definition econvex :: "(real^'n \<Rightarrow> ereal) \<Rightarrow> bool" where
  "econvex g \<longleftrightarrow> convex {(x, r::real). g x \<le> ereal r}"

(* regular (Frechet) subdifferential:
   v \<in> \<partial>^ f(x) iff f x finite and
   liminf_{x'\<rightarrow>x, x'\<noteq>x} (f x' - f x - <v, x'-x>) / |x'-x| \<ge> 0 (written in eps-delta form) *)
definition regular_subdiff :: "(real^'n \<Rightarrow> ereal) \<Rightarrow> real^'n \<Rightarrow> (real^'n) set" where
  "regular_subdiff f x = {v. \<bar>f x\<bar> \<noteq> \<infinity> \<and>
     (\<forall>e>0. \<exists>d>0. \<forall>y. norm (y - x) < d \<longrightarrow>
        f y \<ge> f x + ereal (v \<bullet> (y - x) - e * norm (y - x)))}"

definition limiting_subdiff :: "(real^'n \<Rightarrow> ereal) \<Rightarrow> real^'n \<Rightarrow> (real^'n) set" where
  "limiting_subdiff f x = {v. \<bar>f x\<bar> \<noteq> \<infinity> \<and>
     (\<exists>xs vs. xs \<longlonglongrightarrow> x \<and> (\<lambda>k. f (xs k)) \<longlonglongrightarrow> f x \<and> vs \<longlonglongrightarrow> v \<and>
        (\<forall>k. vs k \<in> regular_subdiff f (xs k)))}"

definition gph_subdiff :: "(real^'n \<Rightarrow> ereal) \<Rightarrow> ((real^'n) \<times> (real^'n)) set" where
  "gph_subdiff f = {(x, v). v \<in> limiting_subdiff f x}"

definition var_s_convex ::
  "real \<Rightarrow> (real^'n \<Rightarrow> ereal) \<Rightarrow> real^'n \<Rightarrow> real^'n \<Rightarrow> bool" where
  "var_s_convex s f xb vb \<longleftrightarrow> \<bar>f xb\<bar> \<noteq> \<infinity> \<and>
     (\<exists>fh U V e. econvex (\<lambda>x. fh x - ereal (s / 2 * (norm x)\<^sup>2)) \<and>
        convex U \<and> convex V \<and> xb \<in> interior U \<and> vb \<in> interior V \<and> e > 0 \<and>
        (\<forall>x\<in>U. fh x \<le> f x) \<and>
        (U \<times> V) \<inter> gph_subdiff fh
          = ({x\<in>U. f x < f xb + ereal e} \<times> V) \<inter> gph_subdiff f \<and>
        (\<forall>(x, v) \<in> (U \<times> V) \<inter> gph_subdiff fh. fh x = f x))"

* * * * * * *

Each record must be printed again, word for word, with nothing dropped.

definition econvex :: "(real^'n \<Rightarrow> ereal) \<Rightarrow> bool" where
  "econvex g \<longleftrightarrow> convex {(x, r::real). g x \<le> ereal r}"

(* regular (Frechet) subdifferential:
   v \<in> \<partial>^ f(x) iff f x finite and
   liminf_{x'\<rightarrow>x, x'\<noteq>x} (f x' - f x - <v, x'-x>) / |x'-x| \<ge> 0 (written in eps-delta form) *)
definition regular_subdiff :: "(real^'n \<Rightarrow> ereal) \<Rightarrow> real^'n \<Rightarrow> (real^'n) set" where
  "regular_subdiff f x = {v. \<bar>f x\<bar> \<noteq> \<infinity> \<and>
     (\<forall>e>0. \<exists>d>0. \<forall>y. norm (y - x) < d \<longrightarrow>
        f y \<ge> f x + ereal (v \<bullet> (y - x) - e * norm (y - x)))}"

definition limiting_subdiff :: "(real^'n \<Rightarrow> ereal) \<Rightarrow> real^'n \<Rightarrow> (real^'n) set" where
  "limiting_subdiff f x = {v. \<bar>f x\<bar> \<noteq> \<infinity> \<and>
     (\<exists>xs vs. xs \<longlonglongrightarrow> x \<and> (\<lambda>k. f (xs k)) \<longlonglongrightarrow> f x \<and> vs \<longlonglongrightarrow> v \<and>
        (\<forall>k. vs k \<in> regular_subdiff f (xs k)))}"

definition gph_subdiff :: "(real^'n \<Rightarrow> ereal) \<Rightarrow> ((real^'n) \<times> (real^'n)) set" where
  "gph_subdiff f = {(x, v). v \<in> limiting_subdiff f x}"

definition var_s_convex ::
  "real \<Rightarrow> (real^'n \<Rightarrow> ereal) \<Rightarrow> real^'n \<Rightarrow> real^'n \<Rightarrow> bool" where
  "var_s_convex s f xb vb \<longleftrightarrow> \<bar>f xb\<bar> \<noteq> \<infinity> \<and>
     (\<exists>fh U V e. econvex (\<lambda>x. fh x - ereal (s / 2 * (norm x)\<^sup>2)) \<and>
        convex U \<and> convex V \<and> xb \<in> interior U \<and> vb \<in> interior V \<and> e > 0 \<and>
        (\<forall>x\<in>U. fh x \<le> f x) \<and>
        (U \<times> V) \<inter> gph_subdiff fh
          = ({x\<in>U. f x < f xb + ereal e} \<times> V) \<inter> gph_subdiff f \<and>
        (\<forall>(x, v) \<in> (U \<times> V) \<inter> gph_subdiff fh. fh x = f x))"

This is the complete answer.